_Materials provided:_
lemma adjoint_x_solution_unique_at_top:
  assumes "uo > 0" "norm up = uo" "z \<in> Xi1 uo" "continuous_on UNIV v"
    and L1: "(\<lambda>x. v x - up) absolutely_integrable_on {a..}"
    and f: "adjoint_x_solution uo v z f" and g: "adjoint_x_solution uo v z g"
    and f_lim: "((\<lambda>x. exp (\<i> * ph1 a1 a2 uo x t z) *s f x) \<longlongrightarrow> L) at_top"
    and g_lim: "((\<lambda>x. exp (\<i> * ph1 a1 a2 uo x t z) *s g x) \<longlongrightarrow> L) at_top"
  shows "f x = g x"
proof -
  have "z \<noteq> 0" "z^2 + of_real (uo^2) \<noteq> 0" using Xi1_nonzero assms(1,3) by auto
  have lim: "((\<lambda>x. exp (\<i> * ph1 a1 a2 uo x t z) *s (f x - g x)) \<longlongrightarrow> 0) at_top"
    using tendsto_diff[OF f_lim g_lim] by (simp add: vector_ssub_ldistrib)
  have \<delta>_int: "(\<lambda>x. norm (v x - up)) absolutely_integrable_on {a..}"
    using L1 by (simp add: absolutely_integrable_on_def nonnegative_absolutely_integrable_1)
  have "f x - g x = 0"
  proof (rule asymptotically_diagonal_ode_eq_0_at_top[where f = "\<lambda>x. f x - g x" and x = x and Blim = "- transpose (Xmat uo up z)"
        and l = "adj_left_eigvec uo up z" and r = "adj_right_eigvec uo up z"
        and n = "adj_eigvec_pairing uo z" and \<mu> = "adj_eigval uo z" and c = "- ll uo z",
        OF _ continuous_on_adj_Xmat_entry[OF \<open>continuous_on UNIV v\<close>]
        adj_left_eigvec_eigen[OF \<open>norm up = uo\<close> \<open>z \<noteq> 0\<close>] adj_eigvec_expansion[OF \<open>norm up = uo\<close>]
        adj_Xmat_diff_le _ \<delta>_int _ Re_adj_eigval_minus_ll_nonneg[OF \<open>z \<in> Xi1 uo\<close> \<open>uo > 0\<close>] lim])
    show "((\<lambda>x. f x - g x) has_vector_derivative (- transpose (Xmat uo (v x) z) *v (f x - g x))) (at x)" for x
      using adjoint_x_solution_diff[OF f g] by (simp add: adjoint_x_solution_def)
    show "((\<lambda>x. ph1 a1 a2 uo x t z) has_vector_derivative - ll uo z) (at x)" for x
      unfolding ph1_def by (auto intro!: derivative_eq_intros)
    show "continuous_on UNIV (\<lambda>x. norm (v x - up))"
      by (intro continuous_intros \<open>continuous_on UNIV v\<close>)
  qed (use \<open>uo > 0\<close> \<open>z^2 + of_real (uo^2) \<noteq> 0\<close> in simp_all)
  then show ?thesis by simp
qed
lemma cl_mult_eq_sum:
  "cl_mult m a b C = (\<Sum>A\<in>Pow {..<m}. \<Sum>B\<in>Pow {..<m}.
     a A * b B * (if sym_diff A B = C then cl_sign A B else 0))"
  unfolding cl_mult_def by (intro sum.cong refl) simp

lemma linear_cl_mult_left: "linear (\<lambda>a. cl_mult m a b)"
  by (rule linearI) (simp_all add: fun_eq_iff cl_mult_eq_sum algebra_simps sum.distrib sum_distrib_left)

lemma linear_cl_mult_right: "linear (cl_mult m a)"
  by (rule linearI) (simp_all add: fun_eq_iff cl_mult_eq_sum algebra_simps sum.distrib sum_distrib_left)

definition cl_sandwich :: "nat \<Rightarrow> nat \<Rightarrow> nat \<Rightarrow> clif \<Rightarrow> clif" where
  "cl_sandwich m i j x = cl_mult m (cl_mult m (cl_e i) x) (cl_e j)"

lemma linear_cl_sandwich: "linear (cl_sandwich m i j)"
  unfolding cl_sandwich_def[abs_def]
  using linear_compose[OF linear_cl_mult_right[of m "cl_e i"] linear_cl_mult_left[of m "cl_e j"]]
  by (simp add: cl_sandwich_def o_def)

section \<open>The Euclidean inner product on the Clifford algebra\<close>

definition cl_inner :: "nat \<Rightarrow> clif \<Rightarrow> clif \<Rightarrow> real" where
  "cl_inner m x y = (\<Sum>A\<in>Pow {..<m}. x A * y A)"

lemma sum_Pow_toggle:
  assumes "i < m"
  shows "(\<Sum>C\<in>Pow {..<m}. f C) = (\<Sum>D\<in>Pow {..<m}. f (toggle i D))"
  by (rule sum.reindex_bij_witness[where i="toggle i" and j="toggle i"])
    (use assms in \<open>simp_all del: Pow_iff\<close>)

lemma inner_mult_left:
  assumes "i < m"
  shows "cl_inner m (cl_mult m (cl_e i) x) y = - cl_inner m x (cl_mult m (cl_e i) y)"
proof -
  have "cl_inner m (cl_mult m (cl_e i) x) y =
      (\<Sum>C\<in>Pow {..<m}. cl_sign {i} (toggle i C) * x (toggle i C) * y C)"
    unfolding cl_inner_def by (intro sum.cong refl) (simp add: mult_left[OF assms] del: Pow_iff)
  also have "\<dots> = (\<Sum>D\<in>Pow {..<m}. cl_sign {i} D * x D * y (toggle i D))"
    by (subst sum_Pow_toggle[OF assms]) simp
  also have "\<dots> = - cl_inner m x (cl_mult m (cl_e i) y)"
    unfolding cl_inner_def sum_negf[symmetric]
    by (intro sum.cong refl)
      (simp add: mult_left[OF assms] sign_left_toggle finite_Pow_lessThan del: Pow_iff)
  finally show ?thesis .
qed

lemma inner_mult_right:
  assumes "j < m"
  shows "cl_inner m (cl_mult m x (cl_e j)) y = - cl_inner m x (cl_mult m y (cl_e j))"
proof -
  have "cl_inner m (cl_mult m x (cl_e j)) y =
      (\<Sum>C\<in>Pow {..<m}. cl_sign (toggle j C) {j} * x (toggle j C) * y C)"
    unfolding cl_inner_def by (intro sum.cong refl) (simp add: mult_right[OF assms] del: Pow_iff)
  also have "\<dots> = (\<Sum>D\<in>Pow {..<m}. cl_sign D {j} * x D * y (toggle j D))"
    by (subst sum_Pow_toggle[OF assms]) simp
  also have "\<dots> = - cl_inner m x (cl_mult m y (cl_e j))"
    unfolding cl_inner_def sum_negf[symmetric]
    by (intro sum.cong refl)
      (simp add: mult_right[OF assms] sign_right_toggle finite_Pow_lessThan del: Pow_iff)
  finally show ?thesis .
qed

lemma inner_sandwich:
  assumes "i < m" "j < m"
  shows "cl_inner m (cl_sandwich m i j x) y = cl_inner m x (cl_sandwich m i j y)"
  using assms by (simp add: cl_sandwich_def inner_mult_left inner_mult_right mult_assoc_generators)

_Action item:_
Once you have read the data above, print all of it again exactly.

_Output of the task:_
lemma adjoint_x_solution_unique_at_top:
  assumes "uo > 0" "norm up = uo" "z \<in> Xi1 uo" "continuous_on UNIV v"
    and L1: "(\<lambda>x. v x - up) absolutely_integrable_on {a..}"
    and f: "adjoint_x_solution uo v z f" and g: "adjoint_x_solution uo v z g"
    and f_lim: "((\<lambda>x. exp (\<i> * ph1 a1 a2 uo x t z) *s f x) \<longlongrightarrow> L) at_top"
    and g_lim: "((\<lambda>x. exp (\<i> * ph1 a1 a2 uo x t z) *s g x) \<longlongrightarrow> L) at_top"
  shows "f x = g x"
proof -
  have "z \<noteq> 0" "z^2 + of_real (uo^2) \<noteq> 0" using Xi1_nonzero assms(1,3) by auto
  have lim: "((\<lambda>x. exp (\<i> * ph1 a1 a2 uo x t z) *s (f x - g x)) \<longlongrightarrow> 0) at_top"
    using tendsto_diff[OF f_lim g_lim] by (simp add: vector_ssub_ldistrib)
  have \<delta>_int: "(\<lambda>x. norm (v x - up)) absolutely_integrable_on {a..}"
    using L1 by (simp add: absolutely_integrable_on_def nonnegative_absolutely_integrable_1)
  have "f x - g x = 0"
  proof (rule asymptotically_diagonal_ode_eq_0_at_top[where f = "\<lambda>x. f x - g x" and x = x and Blim = "- transpose (Xmat uo up z)"
        and l = "adj_left_eigvec uo up z" and r = "adj_right_eigvec uo up z"
        and n = "adj_eigvec_pairing uo z" and \<mu> = "adj_eigval uo z" and c = "- ll uo z",
        OF _ continuous_on_adj_Xmat_entry[OF \<open>continuous_on UNIV v\<close>]
        adj_left_eigvec_eigen[OF \<open>norm up = uo\<close> \<open>z \<noteq> 0\<close>] adj_eigvec_expansion[OF \<open>norm up = uo\<close>]
        adj_Xmat_diff_le _ \<delta>_int _ Re_adj_eigval_minus_ll_nonneg[OF \<open>z \<in> Xi1 uo\<close> \<open>uo > 0\<close>] lim])
    show "((\<lambda>x. f x - g x) has_vector_derivative (- transpose (Xmat uo (v x) z) *v (f x - g x))) (at x)" for x
      using adjoint_x_solution_diff[OF f g] by (simp add: adjoint_x_solution_def)
    show "((\<lambda>x. ph1 a1 a2 uo x t z) has_vector_derivative - ll uo z) (at x)" for x
      unfolding ph1_def by (auto intro!: derivative_eq_intros)
    show "continuous_on UNIV (\<lambda>x. norm (v x - up))"
      by (intro continuous_intros \<open>continuous_on UNIV v\<close>)
  qed (use \<open>uo > 0\<close> \<open>z^2 + of_real (uo^2) \<noteq> 0\<close> in simp_all)
  then show ?thesis by simp
qed
lemma cl_mult_eq_sum:
  "cl_mult m a b C = (\<Sum>A\<in>Pow {..<m}. \<Sum>B\<in>Pow {..<m}.
     a A * b B * (if sym_diff A B = C then cl_sign A B else 0))"
  unfolding cl_mult_def by (intro sum.cong refl) simp

lemma linear_cl_mult_left: "linear (\<lambda>a. cl_mult m a b)"
  by (rule linearI) (simp_all add: fun_eq_iff cl_mult_eq_sum algebra_simps sum.distrib sum_distrib_left)

lemma linear_cl_mult_right: "linear (cl_mult m a)"
  by (rule linearI) (simp_all add: fun_eq_iff cl_mult_eq_sum algebra_simps sum.distrib sum_distrib_left)

definition cl_sandwich :: "nat \<Rightarrow> nat \<Rightarrow> nat \<Rightarrow> clif \<Rightarrow> clif" where
  "cl_sandwich m i j x = cl_mult m (cl_mult m (cl_e i) x) (cl_e j)"

lemma linear_cl_sandwich: "linear (cl_sandwich m i j)"
  unfolding cl_sandwich_def[abs_def]
  using linear_compose[OF linear_cl_mult_right[of m "cl_e i"] linear_cl_mult_left[of m "cl_e j"]]
  by (simp add: cl_sandwich_def o_def)

section \<open>The Euclidean inner product on the Clifford algebra\<close>

definition cl_inner :: "nat \<Rightarrow> clif \<Rightarrow> clif \<Rightarrow> real" where
  "cl_inner m x y = (\<Sum>A\<in>Pow {..<m}. x A * y A)"

lemma sum_Pow_toggle:
  assumes "i < m"
  shows "(\<Sum>C\<in>Pow {..<m}. f C) = (\<Sum>D\<in>Pow {..<m}. f (toggle i D))"
  by (rule sum.reindex_bij_witness[where i="toggle i" and j="toggle i"])
    (use assms in \<open>simp_all del: Pow_iff\<close>)

lemma inner_mult_left:
  assumes "i < m"
  shows "cl_inner m (cl_mult m (cl_e i) x) y = - cl_inner m x (cl_mult m (cl_e i) y)"
proof -
  have "cl_inner m (cl_mult m (cl_e i) x) y =
      (\<Sum>C\<in>Pow {..<m}. cl_sign {i} (toggle i C) * x (toggle i C) * y C)"
    unfolding cl_inner_def by (intro sum.cong refl) (simp add: mult_left[OF assms] del: Pow_iff)
  also have "\<dots> = (\<Sum>D\<in>Pow {..<m}. cl_sign {i} D * x D * y (toggle i D))"
    by (subst sum_Pow_toggle[OF assms]) simp
  also have "\<dots> = - cl_inner m x (cl_mult m (cl_e i) y)"
    unfolding cl_inner_def sum_negf[symmetric]
    by (intro sum.cong refl)
      (simp add: mult_left[OF assms] sign_left_toggle finite_Pow_lessThan del: Pow_iff)
  finally show ?thesis .
qed

lemma inner_mult_right:
  assumes "j < m"
  shows "cl_inner m (cl_mult m x (cl_e j)) y = - cl_inner m x (cl_mult m y (cl_e j))"
proof -
  have "cl_inner m (cl_mult m x (cl_e j)) y =
      (\<Sum>C\<in>Pow {..<m}. cl_sign (toggle j C) {j} * x (toggle j C) * y C)"
    unfolding cl_inner_def by (intro sum.cong refl) (simp add: mult_right[OF assms] del: Pow_iff)
  also have "\<dots> = (\<Sum>D\<in>Pow {..<m}. cl_sign D {j} * x D * y (toggle j D))"
    by (subst sum_Pow_toggle[OF assms]) simp
  also have "\<dots> = - cl_inner m x (cl_mult m y (cl_e j))"
    unfolding cl_inner_def sum_negf[symmetric]
    by (intro sum.cong refl)
      (simp add: mult_right[OF assms] sign_right_toggle finite_Pow_lessThan del: Pow_iff)
  finally show ?thesis .
qed

lemma inner_sandwich:
  assumes "i < m" "j < m"
  shows "cl_inner m (cl_sandwich m i j x) y = cl_inner m x (cl_sandwich m i j y)"
  using assms by (simp add: cl_sandwich_def inner_mult_left inner_mult_right mult_assoc_generators)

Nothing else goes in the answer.